It would be nice if I were a musical person, or a songwriter and I could just write a song that would sum up my year. I am thinking of that Billy Joel song, We Didn't Start the Fire. But I am not, so I am trying to reflect upon what I have learned this year and as a whole, how I feel about the year.
Bad things first, so I can finish on a good note. As I think through the items that tally up on the bad side, I find it ironic that some of them will appear on both sides of the list. Life is full of irony.
Financially this was another staggering year. It is just not going to get better for about another year, or possibly two. We are working so hard to get back on top of everything that went wrong in years past that is so hard to see that there is a light at the end of the tunnel. I find us still in a position of receiving charity. I am humbled by this because my foolish pride wants to be in a position to GIVE to others. It is much nicer feeling. I am embarrassed by how low I have fallen. It is ever so much harder to receive charity than it is to give it. I hope someday, when I am again in a position to give, that I will remember how it feels and be sympathetic and sensitive to others. God is working on my on this. I can see what he wants me to learn, but I am stubborn and thick headed, so it is taking a long time for me to accept it.
Pride makes an appearance again in this item. Jacob. He has decided to drop out of school. That was a low blow for me. I have probably been in denial about this for longer than I care to think about. He has just not been a committed student for the last several years. But he always told me that he WOULD graduate, no matter what. I held onto that. I took comfort in that. But now it changes. Upon examining my motives, I can see that pride is driving me again. I did not want to be the mother of a drop-out. To be honest, I still don't. I know that Jacob has above average intelligence. It hurts me so much that he won't apply himself. But I guess that is back to me. I have to move that pride thing out of the way and try to let Jacob focus on Jacob and what he wants from life. I have to let that go. It has to be his choice. I can no longer chose for him. Sigh.
Work. I want to quit my job so bad it hurts. The pressure and stress just seem like too much. I find I don't pretend to get excited about it any more.

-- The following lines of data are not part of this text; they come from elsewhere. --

text \<open>X need not be separable, so a sum of Borel measurable X-valued maps need not be Borel
  measurable. Finite sums of measurable scalar functions times fixed vectors have measurable
  norms and are closed under all operations used below.\<close>
definition finite_rank_measurable :: "'a measure \<Rightarrow> ('a \<Rightarrow> 'x::real_normed_vector) \<Rightarrow> bool" where
  "finite_rank_measurable M f \<longleftrightarrow>
     (\<exists>(N::nat) r v. (\<forall>i. r i \<in> borel_measurable M) \<and> (\<forall>\<omega>. f \<omega> = (\<Sum>i<N. r i \<omega> *\<^sub>R v i)))"

lemma finite_rank_measurable_norm:
  assumes "finite_rank_measurable M f"
  shows "(\<lambda>\<omega>. norm (f \<omega>)) \<in> borel_measurable M"
proof -
  obtain N :: nat and r v where r: "\<And>i. r i \<in> borel_measurable M" and f: "\<And>\<omega>. f \<omega> = (\<Sum>i<N. r i \<omega> *\<^sub>R v i)"
    using assms unfolding finite_rank_measurable_def by blast
  have coeffs: "(\<lambda>\<omega> i. r i \<omega>) \<in> borel_measurable M"
    by (rule measurable_coordinatewise_then_product) (use r in auto)
  have "continuous_on UNIV (\<lambda>y. norm (\<Sum>i<N. y i *\<^sub>R v i))"
    by (intro continuous_intros continuous_on_product_coordinates)
  then have "(\<lambda>y. norm (\<Sum>i<N. y i *\<^sub>R v i)) \<in> borel_measurable borel"
    by (rule borel_measurable_continuous_onI)
  from measurable_comp[OF coeffs this] show ?thesis
    by (simp add: f comp_def)
qed

lemma finite_rank_measurable_zero: "finite_rank_measurable M (\<lambda>\<omega>. 0)"
  unfolding finite_rank_measurable_def by (intro exI[of _ 0] exI[of _ "\<lambda>_ _. 0"]) auto

lemma finite_rank_measurable_scaleR_const:
  "r \<in> borel_measurable M \<Longrightarrow> finite_rank_measurable M (\<lambda>\<omega>. r \<omega> *\<^sub>R v)"
  unfolding finite_rank_measurable_def by (intro exI[of _ 1] exI[of _ "\<lambda>_. r"] exI[of _ "\<lambda>_. v"]) auto

lemma finite_rank_measurable_add:
  assumes "finite_rank_measurable M f" "finite_rank_measurable M g"
  shows "finite_rank_measurable M (\<lambda>\<omega>. f \<omega> + g \<omega>)"
proof -
  obtain N :: nat and r v where r: "\<And>i. r i \<in> borel_measurable M" and f: "\<And>\<omega>. f \<omega> = (\<Sum>i<N. r i \<omega> *\<^sub>R v i)"
    using assms(1) unfolding finite_rank_measurable_def by blast
  obtain K :: nat and s w where s: "\<And>i. s i \<in> borel_measurable M" and g: "\<And>\<omega>. g \<omega> = (\<Sum>i<K. s i \<omega> *\<^sub>R w i)"
    using assms(2) unfolding finite_rank_measurable_def by blast
  define r' where "r' i = (if i < N then r i else s (i - N))" for i
  define v' where "v' i = (if i < N then v i else w (i - N))" for i
  have split: "(\<Sum>i<N + L. h i) = (\<Sum>i<N. h i) + (\<Sum>i<L. h (N + i))" for L and h :: "nat \<Rightarrow> 'z::comm_monoid_add"
    by (induction L) (simp_all add: add.assoc)
  have "f \<omega> + g \<omega> = (\<Sum>i<N + K. r' i \<omega> *\<^sub>R v' i)" for \<omega>
    by (simp add: split f g r'_def v'_def)
  moreover have "r' i \<in> borel_measurable M" for i
    using r s by (simp add: r'_def)
  ultimately show ?thesis
    unfolding finite_rank_measurable_def by blast
qed

lemma finite_rank_measurable_sum:
  "(\<And>i. i \<in> I \<Longrightarrow> finite_rank_measurable M (f i)) \<Longrightarrow> finite_rank_measurable M (\<lambda>\<omega>. \<Sum>i\<in>I. f i \<omega>)"
  by (induction I rule: infinite_finite_induct)
     (auto intro: finite_rank_measurable_zero finite_rank_measurable_add)

lemma finite_rank_measurable_scaleR:
  assumes "finite_rank_measurable M f" "c \<in> borel_measurable M"
  shows "finite_rank_measurable M (\<lambda>\<omega>. c \<omega> *\<^sub>R f \<omega>)"
proof -
  obtain N :: nat and r v where r: "\<And>i. r i \<in> borel_measurable M" and f: "\<And>\<omega>. f \<omega> = (\<Sum>i<N. r i \<omega> *\<^sub>R v i)"
    using assms(1) unfolding finite_rank_measurable_def by blast
  have "c \<omega> *\<^sub>R f \<omega> = (\<Sum>i<N. (c \<omega> * r i \<omega>) *\<^sub>R v i)" for \<omega>
    by (simp add: f scaleR_sum_right)
  moreover have "(\<lambda>\<omega>. c \<omega> * r i \<omega>) \<in> borel_measurable M" for i
    using r assms(2) by measurable
  ultimately show ?thesis
    unfolding finite_rank_measurable_def by (intro exI[of _ N] exI[of _ "\<lambda>i \<omega>. c \<omega> * r i \<omega>"]) auto
qed

lemma moment_norm_sum:
  assumes "\<And>i. i \<in> I \<Longrightarrow> finite_rank_measurable M (f i)" "1 \<le> p"
  shows "moment_norm M (\<lambda>\<omega>. \<Sum>i\<in>I. f i \<omega>) p \<le> (\<Sum>i\<in>I. moment_norm M (f i) p)"
  using assms(1)
proof (induction I rule: infinite_finite_induct)
  case (insert i I)
  have "moment_norm M (\<lambda>\<omega>. f i \<omega> + (\<Sum>i\<in>I. f i \<omega>)) p
      \<le> moment_norm M (f i) p + moment_norm M (\<lambda>\<omega>. \<Sum>i\<in>I. f i \<omega>) p"
    using insert assms(2)
    by (intro moment_norm_add finite_rank_measurable_norm finite_rank_measurable_sum) auto
  also have "\<dots> \<le> moment_norm M (f i) p + (\<Sum>i\<in>I. moment_norm M (f i) p)"
    using insert by (intro add_left_mono) auto
  finally show ?case
    using insert by simp
qed (use assms(2) in \<open>simp_all add: moment_norm_zero\<close>)

section \<open>Partitions into blocks and their transversals\<close>

definition block_of :: "(nat \<Rightarrow> nat set) \<Rightarrow> nat \<Rightarrow> nat \<Rightarrow> nat" where
  "block_of B m i = (THE j. j \<in> {1..m} \<and> i \<in> B j)"

definition transversals :: "nat \<Rightarrow> (nat \<Rightarrow> nat set) \<Rightarrow> nat set set" where
  "transversals m B = (\<lambda>f. f ` {1..m}) ` (\<Pi>\<^sub>E j\<in>{1..m}. B j)"

lemma finite_Pi_km: "finite (Pi_km n k m)"
proof (rule finite_subset)
  show "Pi_km n k m \<subseteq> {1..m} \<rightarrow>\<^sub>E Pow {1..n}"
    unfolding Pi_km_def by blast
qed (intro finite_PiE; simp)

lemma Pi_kmD:
  assumes "B \<in> Pi_km n k m"
  shows "\<And>j. j \<in> {1..m} \<Longrightarrow> B j \<subseteq> {1..n}" "\<And>j. j \<in> {1..m} \<Longrightarrow> card (B j) = k"
    "(\<Union>j\<in>{1..m}. B j) = {1..n}" "B \<in> extensional {1..m}"
  using assms unfolding Pi_km_def by (auto simp: PiE_iff)

text \<open>Otherwise the m blocks of size k would cover fewer than k m points.\<close>
lemma Pi_km_disjoint:
  assumes B: "B \<in> Pi_km n k m" and n: "n = k * m"
    and a: "a \<in> {1..m}" and b: "b \<in> {1..m}" and "a \<noteq> b"
  shows "B a \<inter> B b = {}"
proof (rule ccontr)
  assume "B a \<inter> B b \<noteq> {}"
  then obtain y where y: "y \<in> B a" "y \<in> B b" by auto
  note D = Pi_kmD[OF B]
  have fin: "finite (B a)"
    using D(1)[OF a] finite_subset by blast
  have "{1..n} = (\<Union>j\<in>{1..m}-{a}. B j) \<union> (B a - {y})"
    using D(3) y b \<open>a \<noteq> b\<close> a by blast
  then have "n \<le> card (\<Union>j\<in>{1..m}-{a}. B j) + card (B a - {y})"
    by (metis card_Un_le card_atLeastAtMost diff_Suc_1)
  also have "\<dots> \<le> (\<Sum>j\<in>{1..m}-{a}. card (B j)) + card (B a - {y})"
    by (intro add_right_mono card_UN_le) auto
  also have "\<dots> = k * (m - 1) + (k - 1)"
    using D(2) a y fin by simp
  finally have "n \<le> k * (m - 1) + (k - 1)" .
  moreover have "k \<noteq> 0"
    using D(2)[OF a] y fin by (metis card_0_eq empty_iff)
  moreover have "m \<noteq> 0"
    using a by auto
  ultimately show False
    using n by (cases k; cases m) auto
qed

context
  fixes B :: "nat \<Rightarrow> nat set" and n k m :: nat
  assumes B: "B \<in> Pi_km n k m" and n: "n = k * m"
begin

lemma block_unique: "j \<in> {1..m} \<Longrightarrow> j' \<in> {1..m} \<Longrightarrow> i \<in> B j \<Longrightarrow> i \<in> B j' \<Longrightarrow> j = j'"
  using Pi_km_disjoint[OF B n, of j j'] by blast

lemma block_of_eq: "j \<in> {1..m} \<Longrightarrow> i \<in> B j \<Longrightarrow> block_of B m i = j"
  unfolding block_of_def using block_unique by blast

lemma block_of_mem:
  assumes "i \<in> {1..n}"
  shows "block_of B m i \<in> {1..m}" "i \<in> B (block_of B m i)"
proof -
  obtain j where "j \<in> {1..m}" "i \<in> B j"
    using Pi_kmD(3)[OF B] assms by blast
  then show "block_of B m i \<in> {1..m}" "i \<in> B (block_of B m i)"
    using block_of_eq by simp_all
qed

lemma inj_on_PiE_blocks:
  assumes "f \<in> (\<Pi>\<^sub>E j\<in>{1..m}. B j)"
  shows "inj_on f {1..m}"
  using assms Pi_km_disjoint[OF B n] by (intro inj_onI) (fastforce simp: PiE_iff)

lemma inj_on_image_PiE_blocks: "inj_on (\<lambda>f. f ` {1..m}) (\<Pi>\<^sub>E j\<in>{1..m}. B j)"
proof (rule inj_onI)
  fix f g assume f: "f \<in> (\<Pi>\<^sub>E j\<in>{1..m}. B j)" and g: "g \<in> (\<Pi>\<^sub>E j\<in>{1..m}. B j)"
    and eq: "f ` {1..m} = g ` {1..m}"
  show "f = g"
  proof (rule PiE_ext[OF f g])
    fix j assume j: "j \<in> {1..m}"
    then obtain j' where j': "j' \<in> {1..m}" "f j = g j'"
      using eq by (metis imageE imageI)
    then have "j = j'"
      using f g j Pi_km_disjoint[OF B n, of j j'] by (fastforce simp: PiE_iff)
    then show "f j = g j"
      using j' by simp
  qed
qed

lemma transversals_subset:
  assumes "A \<in> transversals m B"
  shows "A \<subseteq> {1..n}" "card A = m"
proof -
  obtain f where f: "f \<in> (\<Pi>\<^sub>E j\<in>{1..m}. B j)" "A = f ` {1..m}"
    using assms unfolding transversals_def by blast
  then show "A \<subseteq> {1..n}"
    using Pi_kmD(1)[OF B] unfolding PiE_iff by blast
  show "card A = m"
    using f inj_on_PiE_blocks by (simp add: card_image)
qed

I won't play the games any more. I am just so negative about this part of my life. I know it is time for a change, but referring back to the financial paragraph above, making that sort of change at this point would be self destructive and stupid. I need to keep my focus for a year or two longer. At that point I will have more flexibility. I just keep chanting to myself, you can do this, you can do this. I am strong. I can do almost anything that has to be done if I keep my focus.

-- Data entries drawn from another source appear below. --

lemma msg_product_lt:
  assumes "err_prob 4 15 R n f g < 1/4"
  shows "msg_size 1 * msg_size 2 * msg_size 3 < 8 * 2 ^ (18 * n)"
proof -
  have "0 < card msgs"
    using msg_size_pos by (simp add: card_msgs)
  then have "4 * real (card (msgs - decoded)) < real (card msgs)"
    using assms by (simp add: err_prob_eq field_simps)
  then have "4 * card (msgs - decoded) < card msgs"
    by linarith
  moreover have "card (msgs - decoded) = card msgs - card decoded"
    using finite_msgs decoded_subset by (meson card_Diff_subset finite_subset)
  moreover have "card decoded \<le> card msgs"
    using finite_msgs decoded_subset by (rule card_mono)
  moreover have "card decoded \<le> card heavy + card (decoded - heavy)"
  proof -
    have "decoded = heavy \<union> (decoded - heavy)"
      by (auto simp: heavy_def)
    then show ?thesis
      by (metis card_Un_le)
  qed
  ultimately have "msg_size 1 * msg_size 2 * msg_size 3 * msg_size 4 < 8 * 2 ^ (18 * n) * msg_size 4"
    using card_heavy card_light unfolding card_msgs by linarith
  then show ?thesis
    by (simp only: mult_less_cancel2)
qed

Enough of that painful stuff! On to the good!
I am blown away by the generosity of others. My brother-in-law paid to fly my sister and I to Pennsylvania to see by brother and his family. I know there were dozens of other ways he could have spent that money. I am so thankful for the chance to get to know my 2 nieces and nephew there. They are amazing and I will never forget how much fun we had there. Even the time spent with my amazing sister is an incredible gift. We usually see each other when we are surrounded by family and distractions. We had a lot of fun during our trip and I am so glad we had the time to talk and laugh.
We were nominated by a work friend. Kristy to have a new furnace installed in our home. Hopefully they will be doing that this week. What a blessing. I did not know how we would be able to do that for several more years. The cost of a new unit would be beyond our reach for several years. I am so thankful to Kirsty, Channel 6 and Airco for chosing us. Just WOW!
Health. This has been a much better year for our health. I had surgery last year and it dramatically improved my health. I feel so much better. When I read what I just typed, I am at a loss as to how to convey what a difference this surgery made for me. I feel like I can do ANYTHING now! I feel better than I have in 20 years. I don't think I even knew how bad I felt. Kim is doing well too. No more problems with his foot. He keeps a close eye on it, and is constantly baby-ing it so that another problem will not crop up. But he has been able to keep it under control for most of this year. That is a big deal because his diabetic ulcers have ruled our house for the past 5 years or so. I am so thankful for good health.
Jacob. I am so proud of him. He always makes me laugh. Even when I am mad at him. I am so filled up with love for him, and am so thankful that God blessed me with him. I hope I have been a decent mom to him. I wish I could do parts of his childhood over. I wish I could give him more. But I know I could never love him more, so I succeeded at that!
Friends. Amy, Necia, Kathy, Nettie, Emily, and so many others. What would I do without you? Thank you for keeping my feet on the ground and talking me off the cliff of despair so many times.
There you are, the good and the bad, all together. Goodbye 2011. Thanks for the memories. I am glad you are leaving, but thankful that you were what you were.